About this task >> From the records below, please return each line that holds the word "which".

- Opening Delimiter -

lemma invertible_mat_if_det_nonzero:
  fixes A :: "'a::field mat"
  assumes A: "A \<in> carrier_mat n n" and "det A \<noteq> 0"
  shows "invertible_mat A"
proof -
  obtain B where "B \<in> carrier_mat n n" "A * B = 1\<^sub>m n" "B * A = 1\<^sub>m n"
    using det_non_zero_imp_unit[OF assms, of undefined] unfolding Units_def ring_mat_def by auto
  then show ?thesis using A unfolding invertible_mat_def inverts_mat_def by auto
qed

lemma sym_pos_def_det_nonzero:
  assumes "sym_pos_def n W"
  shows "det W \<noteq> 0"
proof
  have W: "W \<in> carrier_mat n n" using assms by (simp add: sym_pos_def_def)
  assume "det W = 0"
  then obtain v where v: "v \<in> carrier_vec n" "v \<noteq> 0\<^sub>v n" "W *\<^sub>v v = 0\<^sub>v n"
    using det_0_iff_vec_prod_zero[OF W] by auto
  have "v \<bullet> (W *\<^sub>v v) > 0" using assms v(1,2) unfolding sym_pos_def_def by blast
  then show False using v by (simp add: scalar_prod_right_zero)
qed

lemma Dmat_eq_ehat_mult_transpose:
  assumes "m \<le> N"
  shows "Dmat N m = ehat N m * transpose_mat (ehat N m)"
proof (rule eq_matI)
  fix i j assume "i < dim_row (ehat N m * transpose_mat (ehat N m))"
    "j < dim_col (ehat N m * transpose_mat (ehat N m))"
  then have i: "i < N" and j: "j < N" by (auto simp: ehat_def)
  have "(ehat N m * transpose_mat (ehat N m)) $$ (i,j)
      = (\<Sum>k<m. (if i = N - m + k then 1 else 0) * (if j = N - m + k then 1 else 0 :: complex))"
    using i j by (simp add: ehat_def scalar_prod_def lessThan_atLeast0)
  also have "\<dots> = (\<Sum>k<m. if k = i - (N - m) then (if i = j \<and> N - m \<le> i then 1 else 0) else 0)"
    using i j assms by (intro sum.cong) auto
  also have "\<dots> = Dmat N m $$ (i, j)"
    using i j assms by (auto simp: Dmat_def)
  finally show "Dmat N m $$ (i, j) = (ehat N m * transpose_mat (ehat N m)) $$ (i, j)" ..
qed (auto simp: Dmat_def ehat_def)

lemma Amat_minus_smult_one:
  assumes "V \<in> carrier_mat N N"
  shows "Amat N m \<alpha> V - z \<cdot>\<^sub>m 1\<^sub>m (2 * N)
       = four_block_mat (- (z \<cdot>\<^sub>m 1\<^sub>m N)) (1\<^sub>m N) (- V)
           (- (complex_of_real \<alpha> \<cdot>\<^sub>m Dmat N m) - z \<cdot>\<^sub>m 1\<^sub>m N)"
  using assms by (intro eq_matI) (auto simp: Amat_def Dmat_def)
lemma e_transform_critical:
  fixes e :: int
  assumes crit: "critical_pair A B" and overlap: "2 \<le> card (A \<inter> translate e B)"
  defines "A' \<equiv> A \<union> translate e B" and "B' \<equiv> {b \<in> B. (b + e) mod p \<in> A}"
  shows "critical_pair A' B'" "sumset A' B' = sumset A B"
    "card B' = card (A \<inter> translate e B)" "card A \<le> card A'"
proof -
  note A = critical_pairD(1)[OF crit] and B = critical_pairD(2)[OF crit]
    and crit_card = critical_pairD(5)[OF crit]
  have not_full: "sumset A B \<noteq> {0..<p}" using critical_pairD(6)[OF crit] by auto
  note transform = e_transform[OF A B, of e, folded A'_def B'_def]
  show card_B': "card B' = card (A \<inter> translate e B)" by (rule transform(2))
  have A': "A' \<subseteq> {0..<p}" and B': "B' \<subseteq> {0..<p}"
    using A B translate_subset_Zp by (auto simp: A'_def B'_def)
  show "card A \<le> card A'" using finite_Zp_subset[OF A'] by (simp add: A'_def card_mono)
  have "card A' + card B' \<le> card (sumset A' B') + 1"
  proof (rule cauchy_davenport[OF A' B'])
    show "A' \<noteq> {}" using critical_pairD(3)[OF crit] by (auto simp: A'_def)
    show "B' \<noteq> {}" using overlap card_B' by auto
    show "sumset A' B' \<noteq> {0..<p}" using transform(1) not_full sumset_subset_Zp by blast
  qed
  moreover have "card (sumset A' B') \<le> card (sumset A B)"
    using transform(1) sumset_subset_Zp finite_Zp_subset by (metis card_mono)
  ultimately have same_card: "card (sumset A' B') = card (sumset A B)" using transform(3) crit_card by linarith
  then show sum_eq: "sumset A' B' = sumset A B"
    using transform(1) finite_Zp_subset[OF sumset_subset_Zp] by (simp add: card_subset_eq)
  show "critical_pair A' B'"
    unfolding critical_pair_def sum_eq
    using A' B' \<open>card A \<le> card A'\<close> critical_pairD[OF crit] overlap card_B' transform(3)
    by linarith
qed

text \<open>If \<open>B + {x, y}\<close> is already all of \<open>B + B\<close>, a third point \<open>z\<close> gives \<open>2z = w + t\<close> with
  \<open>t \<in> {x, y}\<close>, \<open>w \<in> B\<close>, and then \<open>z, w \<in> B \<inter> (B + (z - t))\<close>.\<close>
lemma exists_translate_double_overlap:
  assumes B: "B \<subseteq> {0..<p}" "3 \<le> card B" and small: "card (sumset B B) + 1 \<le> 2 * card B"
  obtains d where "d mod p \<noteq> 0" "2 \<le> card (B \<inter> translate d B)"
proof -
  have fin_B: "finite B" using finite_Zp_subset[OF B(1)] .
  have "2 \<le> card B" using B(2) by simp
  then obtain x y where xy: "x \<in> B" "y \<in> B" "x \<noteq> y" by (rule obtain_two_distinct)
  have d: "(y - x) mod p \<noteq> 0" using xy B(1) by (intro diff_mod_nonzero) auto
  show thesis
  proof (cases "2 \<le> card (B \<inter> translate (y - x) B)")
    case True
    then show thesis by (rule that[OF d])
  next
    case False
    have pair_sub: "sumset B {x, y} \<subseteq> sumset B B" using xy by (intro sumset_mono) auto
    have "card (sumset B B) \<le> card (sumset B {x, y})"
      using small False card_sumset_pair[OF B(1), of x y] card_Un_Int_translate[OF B(1), of "y - x"] by linarith
    then have pair_eq: "sumset B {x, y} = sumset B B"
      using pair_sub finite_Zp_subset[OF sumset_subset_Zp] by (meson card_seteq)
    have "\<not> B \<subseteq> {x, y}"
    proof
      assume "B \<subseteq> {x, y}"
      then have "card B \<le> card {x, y}" by (intro card_mono) auto
      then show False using B(2) xy(3) by simp
    qed
    then obtain z where z: "z \<in> B" "z \<noteq> x" "z \<noteq> y" by blast
    have "(z + z) mod p \<in> sumset B {x, y}" using pair_eq sumset_memI[OF z(1) z(1)] by simp
    then obtain w t where wt: "w \<in> B" "t \<in> {x, y}" "(z + z) mod p = (w + t) mod p"
      by (rule sumset_memE)
    have Zp: "z \<in> {0..<p}" "w \<in> {0..<p}" "t \<in> {0..<p}" using z(1) wt(1,2) xy B(1) by auto
    have "z \<noteq> t" using wt(2) z by auto
    then have d': "(z - t) mod p \<noteq> 0" using Zp by (intro diff_mod_nonzero) auto
    have "(t + (z - t)) mod p = z" using Zp by simp
    then have z_in: "z \<in> translate (z - t) B" using wt(2) xy unfolding translate_def by force
    have "(z + (z - t)) mod p = ((z + z) mod p - t) mod p"
      by (simp add: mod_diff_left_eq)
    also have "\<dots> = ((w + t) mod p - t) mod p" using wt(3) by simp
    also have "\<dots> = w" using Zp by (simp add: mod_diff_left_eq)
    finally have w_in: "w \<in> translate (z - t) B" using z(1) unfolding translate_def by force
    have "z \<noteq> w"
    proof
      assume "z = w"
      then have "(z + z) mod p = (z + t) mod p" using wt(3) by simp
      then have "z mod p = t mod p" by (metis add_diff_cancel_left' mod_diff_left_eq mod_diff_right_eq)
      then show False using Zp \<open>z \<noteq> t\<close> by simp
    qed
    then have "2 \<le> card (B \<inter> translate (z - t) B)"
      using two_le_card[of "B \<inter> translate (z - t) B" z w] z_in w_in z(1) wt(1) fin_B by blast
    then show thesis by (rule that[OF d'])
  qed
qed

lemma card_translates_into_lower_bound:
  assumes crit: "critical_pair A B"
    and rigid: "\<And>e. 2 \<le> card (A \<inter> translate e B) \<Longrightarrow> translate e B \<subseteq> A"
  shows "card A + 1 \<le> card (translates_into B A) + card B"
proof -
  note A = critical_pairD(1)[OF crit] and B = critical_pairD(2)[OF crit]
  obtain x y where xy: "x \<in> B" "y \<in> B" "x \<noteq> y"
    using critical_pairD(4)[OF crit] by (rule obtain_two_distinct)
  have Zp: "x \<in> {0..<p}" "y \<in> {0..<p}" using xy B by auto
  define d where "d = y - x"
  have d: "d mod p \<noteq> 0" unfolding d_def using Zp xy(3) by (intro diff_mod_nonzero) auto
  have "sumset A {x, y} \<subseteq> sumset A B" using xy by (intro sumset_mono) auto
  then have "card (A \<union> translate d A) \<le> card (sumset A B)"
    using card_sumset_pair[OF A, of x y] finite_Zp_subset[OF sumset_subset_Zp]
    by (metis card_mono d_def)
  then have "card A + 1 \<le> card (A \<inter> translate d A) + card B"
    using card_Un_Int_translate[OF A, of d] critical_pairD(5)[OF crit] by linarith
  moreover have "card (A \<inter> translate d A) \<le> card (translates_into B A)"
  proof (rule card_inj_on_le)
    txt \<open>A point \<open>c = a + d\<close> of \<open>A \<inter> (A + d)\<close> yields the translate \<open>B + (c - y)\<close>, which meets
      \<open>A\<close> in the two points \<open>a\<close> and \<open>c\<close>.\<close>
    show "(\<lambda>c. (c - y) mod p) ` (A \<inter> translate d A) \<subseteq> translates_into B A"
    proof
      fix e assume "e \<in> (\<lambda>c. (c - y) mod p) ` (A \<inter> translate d A)"
      then obtain a c where a: "a \<in> A" "c \<in> A" "c = (a + d) mod p" and e: "e = (c - y) mod p"
        unfolding translate_def by blast
      have Zp_a: "a \<in> {0..<p}" using a A by auto
      have "(x + (c - y)) mod p = (c + (x - y)) mod p" by (simp add: algebra_simps)
      also have "\<dots> = (a + d + (x - y)) mod p" unfolding a(3) by (simp add: mod_add_left_eq)
      also have "\<dots> = a" using Zp_a by (simp add: d_def)
      finally have "(x + (c - y)) mod p = a" .
      moreover have "(y + (c - y)) mod p = c" by (simp add: a(3))
      ultimately have "a \<in> A \<inter> translate (c - y) B" "c \<in> A \<inter> translate (c - y) B"
        using a xy unfolding translate_def by force+
      moreover have "a \<noteq> c"
      proof
        assume "a = c"
        then have "(a + d) mod p = a mod p" using Zp_a a(3) by simp
        then have "p dvd (a + d) - a" by (simp only: mod_eq_dvd_iff)
        then show False using d by (simp add: dvd_eq_mod_eq_0)
      qed
      ultimately have "2 \<le> card (A \<inter> translate (c - y) B)"
        using finite_Zp_subset[OF A] by (intro two_le_card) auto
      then have "translate e B \<subseteq> A" using rigid translate_mod e by metis
      then show "e \<in> translates_into B A"
        using mod_in_Zp e unfolding translates_into_def by blast
    qed
    show "inj_on (\<lambda>c. (c - y) mod p) (A \<inter> translate d A)"
    proof (rule inj_onI)
      fix c c' assume "c \<in> A \<inter> translate d A" "c' \<in> A \<inter> translate d A" "(c - y) mod p = (c' - y) mod p"
      then show "c = c'" using A by (metis IntD1 diff_add_cancel mod_add_left_eq mod_eq_imp_eq_Zp subsetD)
    qed
  qed (rule finite_Zp_subset[OF translates_into_subset_Zp])
  ultimately show ?thesis by linarith
qed

lemma rigid_critical_pair_not_translate:
  assumes crit: "critical_pair A B" and three: "3 \<le> card B"
    and rigid: "\<And>e. 2 \<le> card (A \<inter> translate e B) \<Longrightarrow> translate e B \<subseteq> A"
    and A_eq: "A = translate f B"
  shows False
proof -
  note B = critical_pairD(2)[OF crit]
  have card_A: "card A = card B" using A_eq card_translate[OF B] by simp
  have "sumset A B = translate f (sumset B B)" using A_eq by (simp add: sumset_translate_left)
  then have "card (sumset B B) = card (sumset A B)" using card_translate[OF sumset_subset_Zp] by simp
  then have "card (sumset B B) + 1 \<le> 2 * card B" using critical_pairD(5)[OF crit] card_A by simp
  then obtain d where d: "d mod p \<noteq> 0" "2 \<le> card (B \<inter> translate d B)"
    using exists_translate_double_overlap[OF B three] by blast
  have shifted: "A \<inter> translate (f + d) B = translate f (B \<inter> translate d B)"
    using A_eq translate_Int[OF B translate_subset_Zp] by (simp add: translate_translate add.commute)
  then have "2 \<le> card (A \<inter> translate (f + d) B)"
    using d(2) card_translate[of "B \<inter> translate d B" f] B by (simp add: le_infI1)
  then have "translate f (translate d B) \<subseteq> translate f B"
    using rigid A_eq by (simp add: translate_translate add.commute)
  then have "translate (- f) (translate f (translate d B)) \<subseteq> translate (- f) (translate f B)"
    unfolding translate_def by (rule image_mono)
  then have "translate d B \<subseteq> B" using B translate_subset_Zp by (simp add: translate_cancel)
  moreover have "B \<noteq> {}" using critical_pairD(4)[OF crit] by auto
  ultimately show False
    using translate_closed_eq_Zp[OF B _ d(1)] critical_pair_not_Zp crit critical_pair_commute by blast
qed

lemma rigid_critical_pair_reduce:
  assumes crit: "critical_pair A B" and le: "card B \<le> card A" and three: "3 \<le> card B"
    and rigid: "\<And>e. 2 \<le> card (A \<inter> translate e B) \<Longrightarrow> translate e B \<subseteq> A"
  defines "F \<equiv> translates_into B A"
  shows "critical_pair F B" "sumset F B = A" "card F < card A"
proof -
  note A = critical_pairD(1)[OF crit] and B = critical_pairD(2)[OF crit]
  have F: "F \<subseteq> {0..<p}" unfolding F_def by (rule translates_into_subset_Zp)
  have sub: "sumset F B \<subseteq> A" unfolding F_def by (rule sumset_translates_into_subset)
  have lower: "card A + 1 \<le> card F + card B"
    unfolding F_def using card_translates_into_lower_bound[OF crit rigid] .
  have "card F + card B \<le> card (sumset F B) + 1"
  proof (rule cauchy_davenport[OF F B])
    show "F \<noteq> {}" using lower le by auto
    show "B \<noteq> {}" using critical_pairD(4)[OF crit] by auto
    show "sumset F B \<noteq> {0..<p}" using sub critical_pair_not_Zp[OF crit] A by blast
  qed
  moreover have "card (sumset F B) \<le> card A" using card_mono[OF finite_Zp_subset[OF A] sub] .
  ultimately have card_F: "card F + card B = card A + 1" and "card (sumset F B) = card A"
    using lower by linarith+
  then show sum_eq: "sumset F B = A" using sub finite_Zp_subset[OF A] by (simp add: card_subset_eq)
  show "card F < card A" using card_F critical_pairD(4)[OF crit] by linarith
  have "card F \<noteq> 1"
  proof
    assume "card F = 1"
    then obtain f where "F = {f}" by (rule card_1_singletonE)
    then have "translate f B \<subseteq> A" unfolding F_def translates_into_def by blast
    moreover have "card (translate f B) = card A" using card_F \<open>card F = 1\<close> card_translate[OF B] by simp
    ultimately have "A = translate f B" using finite_Zp_subset[OF A] by (metis card_subset_eq)
    then show False using rigid_critical_pair_not_translate[OF crit three rigid] by blast
  qed
  then have "2 \<le> card F" using lower le by linarith
  then show "critical_pair F B"
    unfolding critical_pair_def sum_eq using F B card_F critical_pairD[OF crit] by linarith
qed
definition joins_by_residue ::
    "('p \<Rightarrow> 't \<Rightarrow> nat) \<Rightarrow> ('t \<Rightarrow> 'p \<Rightarrow> nat) \<Rightarrow> 'p marking \<Rightarrow> ('t \<Rightarrow> nat) \<Rightarrow> 'p marking \<Rightarrow> bool" where
  "joins_by_residue pre post M0 Y M \<longleftrightarrow>
     (\<exists>M' \<sigma>. fires pre post M0 \<sigma> M' \<and> (\<forall>t. Y t \<le> parikh \<sigma> t) \<and> fires pre post M (residue \<sigma> Y) M')"

lemma joins_by_residue_zero:
  assumes "\<And>t. Y t = 0"
  shows "joins_by_residue pre post M Y M"
  unfolding joins_by_residue_def using assms by (intro exI[of _ M] exI[of _ "[]"]) simp

lemma joins_by_residue_fire_support:
  assumes "enabled pre M0 t" "Y t > 0"
    and "joins_by_residue pre post (fire pre post M0 t) (Y(t := Y t - 1)) M"
  shows "joins_by_residue pre post M0 Y M"
proof -
  from assms(3) obtain M' \<sigma> where \<sigma>: "fires pre post (fire pre post M0 t) \<sigma> M'"
    "\<forall>x. (Y(t := Y t - 1)) x \<le> parikh \<sigma> x" "fires pre post M (residue \<sigma> (Y(t := Y t - 1))) M'"
    unfolding joins_by_residue_def by blast
  have "Y x \<le> parikh (t # \<sigma>) x" for x
    using \<sigma>(2)[rule_format, of x] unfolding parikh_def by (cases "x = t") auto
  with \<sigma> assms(1,2) show ?thesis
    unfolding joins_by_residue_def by (intro exI[of _ M'] exI[of _ "t # \<sigma>"]) auto
qed

lemma joins_by_residue_fire_outside:
  assumes "enabled pre M0 u" "enabled pre M u" "Y u = 0"
    and "joins_by_residue pre post (fire pre post M0 u) Y (fire pre post M u)"
  shows "joins_by_residue pre post M0 Y M"
proof -
  from assms(4) obtain M' \<sigma> where \<sigma>: "fires pre post (fire pre post M0 u) \<sigma> M'"
    "\<forall>x. Y x \<le> parikh \<sigma> x" "fires pre post (fire pre post M u) (residue \<sigma> Y) M'"
    unfolding joins_by_residue_def by blast
  have "Y x \<le> parikh (u # \<sigma>) x" for x
    using \<sigma>(2)[rule_format, of x] unfolding parikh_def by auto
  with \<sigma> assms(1-3) show ?thesis
    unfolding joins_by_residue_def by (intro exI[of _ M'] exI[of _ "u # \<sigma>"]) auto
qed

lemma joins_by_residue_common_successor:
  assumes "joins_by_residue pre post M0 Y M"
  shows "\<exists>M'. reachable pre post M0 M' \<and> reachable pre post M M'"
  using assms unfolding joins_by_residue_def reachable_def by blast
(* Let $a\in(0,2)$, $\gamma\in(0,a)$ and $p\in\big(\frac{2}{2-\gamma},\frac{2}{2-a}\big)$. There exists a constant $C_{\gamma,p,a}>0$ such that for any $F^2\in\mathcal P_{\rm sym}(\mathbb R^2\times\mathbb R^2)$, $$\int_{\mathbb R^2\times\mathbb R^2}|x_1-x_2|^{-\gamma}F^2(dx_1,dx_2)\le C_{\gamma,p,a}\Big(1+\mathcal I^2_a(F^2)^{1-\frac2a\left(\frac1p-\frac{2-a}{2}\right)}\Big).$$
   Context: $\mathcal P_{\rm sym}(\mathbb R^2\times\mathbb R^2)$: probability measures invariant under swapping the two $\mathbb R^2$ components. With $\Phi(x,y)=(x-y)(\ln x-\ln y)$, for $G$ a density on $\mathbb R^{2N}$ and $X^x_k=(x_1,\dots,x_{k-1},x,x_{k+1},\dots,x_N)$, $\mathcal I^N_a(G)=\frac{1}{2N}\sum_{k=1}^N\int_{\mathbb R^{2(N-1)}}\int_{\mathbb R^2\times\mathbb R^2}\frac{\Phi(G(X_k^x),G(X_k^y))}{|x-y|^{2+a}}dxdy\prod_{j\ne k}dx_j$ (used here with $N=2$). *)

theory Defs
  imports "HOL-Probability.Probability"
begin

text \<open>Points of R^2 are modelled as real \<times> real (Euclidean norm).
  Phi(u,v) = (u - v)(ln u - ln v), extended to [0,\<infinity>] by its natural limits:
  Phi(u,u) = 0, Phi = \<infinity> if exactly one argument is 0 (or \<infinity>).\<close>
definition Phi :: "ennreal \<Rightarrow> ennreal \<Rightarrow> ennreal" where
  "Phi u v = (if u = v then 0
      else if u = 0 \<or> v = 0 \<or> u = \<infinity> \<or> v = \<infinity> then \<infinity>
      else ennreal ((enn2real u - enn2real v) * (ln (enn2real u) - ln (enn2real v))))"

text \<open>The functional I^N_a for N = 2, applied to a density G on R^2 \<times> R^2:
  (1/(2N)) * sum over k = 1,2 of the triple integral.\<close>
definition Ia2_density :: "real \<Rightarrow> ((real \<times> real) \<times> (real \<times> real) \<Rightarrow> ennreal) \<Rightarrow> ennreal" where
  "Ia2_density a G = ennreal (1 / 4) *
     ((\<integral>\<^sup>+ x2. \<integral>\<^sup>+ x. \<integral>\<^sup>+ y.
         Phi (G (x, x2)) (G (y, x2)) * ennreal (1 / norm (x - y) powr (2 + a)) \<partial>lborel \<partial>lborel \<partial>lborel)
    + (\<integral>\<^sup>+ x1. \<integral>\<^sup>+ x. \<integral>\<^sup>+ y.
         Phi (G (x1, x)) (G (x1, y)) * ennreal (1 / norm (x - y) powr (2 + a)) \<partial>lborel \<partial>lborel \<partial>lborel))"

definition Ia2 :: "real \<Rightarrow> ((real \<times> real) \<times> (real \<times> real)) measure \<Rightarrow> ennreal" where
  "Ia2 a F = (if absolutely_continuous lborel F then Ia2_density a (RN_deriv lborel F) else \<infinity>)"

definition Psym :: "((real \<times> real) \<times> (real \<times> real)) measure \<Rightarrow> bool" where
  "Psym F \<longleftrightarrow> prob_space F \<and> sets F = sets borel \<and>
     distr F borel (\<lambda>(x, y). (y, x)) = F"

end

theory Submission
  imports Defs
begin

text \<open>Fix the second particle at z and write f for the density of the first one. Around z take the
  annuli A_n = {r rho^-n \<le> |x - z| < r rho^(1-n)}. The pointwise inequality u \<le> Phi(u, v) + 3 v,
  integrated over x \<in> A_(n+1), y \<in> A_n, where the kernel |x - y|^-(2+a) is bounded below,
  compares the masses of f on neighbouring annuli. Choosing rho^(2-gamma) = 6, the weighted masses
  t_n = (r rho^-n)^-gamma \<integral>_(A_n) f satisfy t_(n+1) \<le> t_n / 2 + beta^n K r^(a-gamma) E(f) with
  beta = rho^(gamma-a) < 1, so \<integral> |x - z|^-gamma f \<le> r^-gamma \<integral> f + \<Sum> t_n is at most
  C (r^-gamma \<integral> f + r^(a-gamma) E(f)). Integrating in z bounds the moment by
  C (r^-gamma + r^(a-gamma) I), where I = I^2_a(F), and r = I^(-1/a) gives C I^(gamma/a), which is
  dominated by the claimed power of I because p > 2/(2-gamma).\<close>

lemma measurable_Phi[measurable]: "(\<lambda>(u, v). Phi u v) \<in> borel_measurable (borel \<Otimes>\<^sub>M borel)"
  unfolding Phi_def by measurable

lemma borel_measurable_Phi[measurable]:
  assumes [measurable]: "f \<in> borel_measurable M" "g \<in> borel_measurable M"
  shows "(\<lambda>x. Phi (f x) (g x)) \<in> borel_measurable M"
  using measurable_compose[OF measurable_Pair[OF assms] measurable_Phi] by simp

lemma le_Phi_plus_3: "u \<le> Phi u v + 3 * v"
proof (cases "u = v \<or> u = 0 \<or> v = 0 \<or> u = \<infinity> \<or> v = \<infinity>")
  case True
  have "v \<le> 3 * v"
    using mult_right_mono[of 1 3 v] by simp
  with True show ?thesis unfolding Phi_def
    by (auto simp: ennreal_mult_top add_increasing2)
next
  case False
  then obtain x y where x: "u = ennreal x" "0 < x" and y: "v = ennreal y" "0 < y" and "x \<noteq> y"
    by (cases u; cases v) auto
  then have Phi_eq: "Phi u v = ennreal ((x - y) * (ln x - ln y))"
    unfolding Phi_def by simp
  show ?thesis
  proof (cases "x \<le> 3 * y")
    case True
    then have "ennreal x \<le> ennreal (3 * y)"
      by (rule ennreal_leI)
    then have "u \<le> 3 * v"
      using x y by (simp add: ennreal_mult)
    then show ?thesis by (meson add_increasing zero_le order_trans)
  next
    case False
    have "1 \<le> ln (3::real)"
      using exp_le ln_le_cancel_iff[of "exp 1" 3] by simp
    also have "ln 3 < ln (x / y)"
      using False x y by (simp add: field_simps)
    also have "\<dots> = ln x - ln y"
      using x y by (simp add: ln_div)
    finally have ln_gt: "1 < ln x - ln y" .
    have "x - 3 * y \<le> (x - 3 * y) * (ln x - ln y)"
      using ln_gt False by (simp add: mult_le_cancel_left1)
    also have "\<dots> \<le> (x - y) * (ln x - ln y)"
      using ln_gt y by (intro mult_right_mono) auto
    finally have "ennreal x \<le> ennreal ((x - y) * (ln x - ln y) + 3 * y)"
      by (intro ennreal_leI) simp
    moreover have "0 \<le> (x - y) * (ln x - ln y)"
      using ln_gt False y by simp
    ultimately show ?thesis
      using Phi_eq x y by (simp add: ennreal_plus ennreal_mult)
  qed
qed

lemma le_Phi_kernel_plus_3:
  assumes "0 < d" "d \<le> D" "0 \<le> s"
  shows "u \<le> ennreal (D powr s) * (Phi u v * ennreal (1 / d powr s)) + 3 * v"
proof -
  have "1 \<le> D powr s / d powr s"
    using assms by (simp add: powr_mono2)
  then have "1 \<le> ennreal (D powr s) * ennreal (1 / d powr s)"
    using assms by (simp add: ennreal_mult[symmetric] ennreal_1[symmetric] del: ennreal_1)
  then have "Phi u v * 1 \<le> Phi u v * (ennreal (D powr s) * ennreal (1 / d powr s))"
    by (rule mult_left_mono) simp
  then have "Phi u v \<le> ennreal (D powr s) * (Phi u v * ennreal (1 / d powr s))"
    by (simp add: mult.left_commute)
  then show ?thesis
    using le_Phi_plus_3[of u v] by (meson add_right_mono order_trans)
qed

definition Phi_energy :: "real \<Rightarrow> ('a::euclidean_space \<Rightarrow> ennreal) \<Rightarrow> ennreal" where
  "Phi_energy a f =
     (\<integral>\<^sup>+x. \<integral>\<^sup>+y. Phi (f x) (f y) * ennreal (1 / norm (x - y) powr (2 + a)) \<partial>lborel \<partial>lborel)"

- Closing Delimiter -

Answer >>
    txt \<open>A point \<open>c = a + d\<close> of \<open>A \<inter> (A + d)\<close> yields the translate \<open>B + (c - y)\<close>, which meets
  C (r^-gamma + r^(a-gamma) I), where I = I^2_a(F), and r = I^(-1/a) gives C I^(gamma/a), which is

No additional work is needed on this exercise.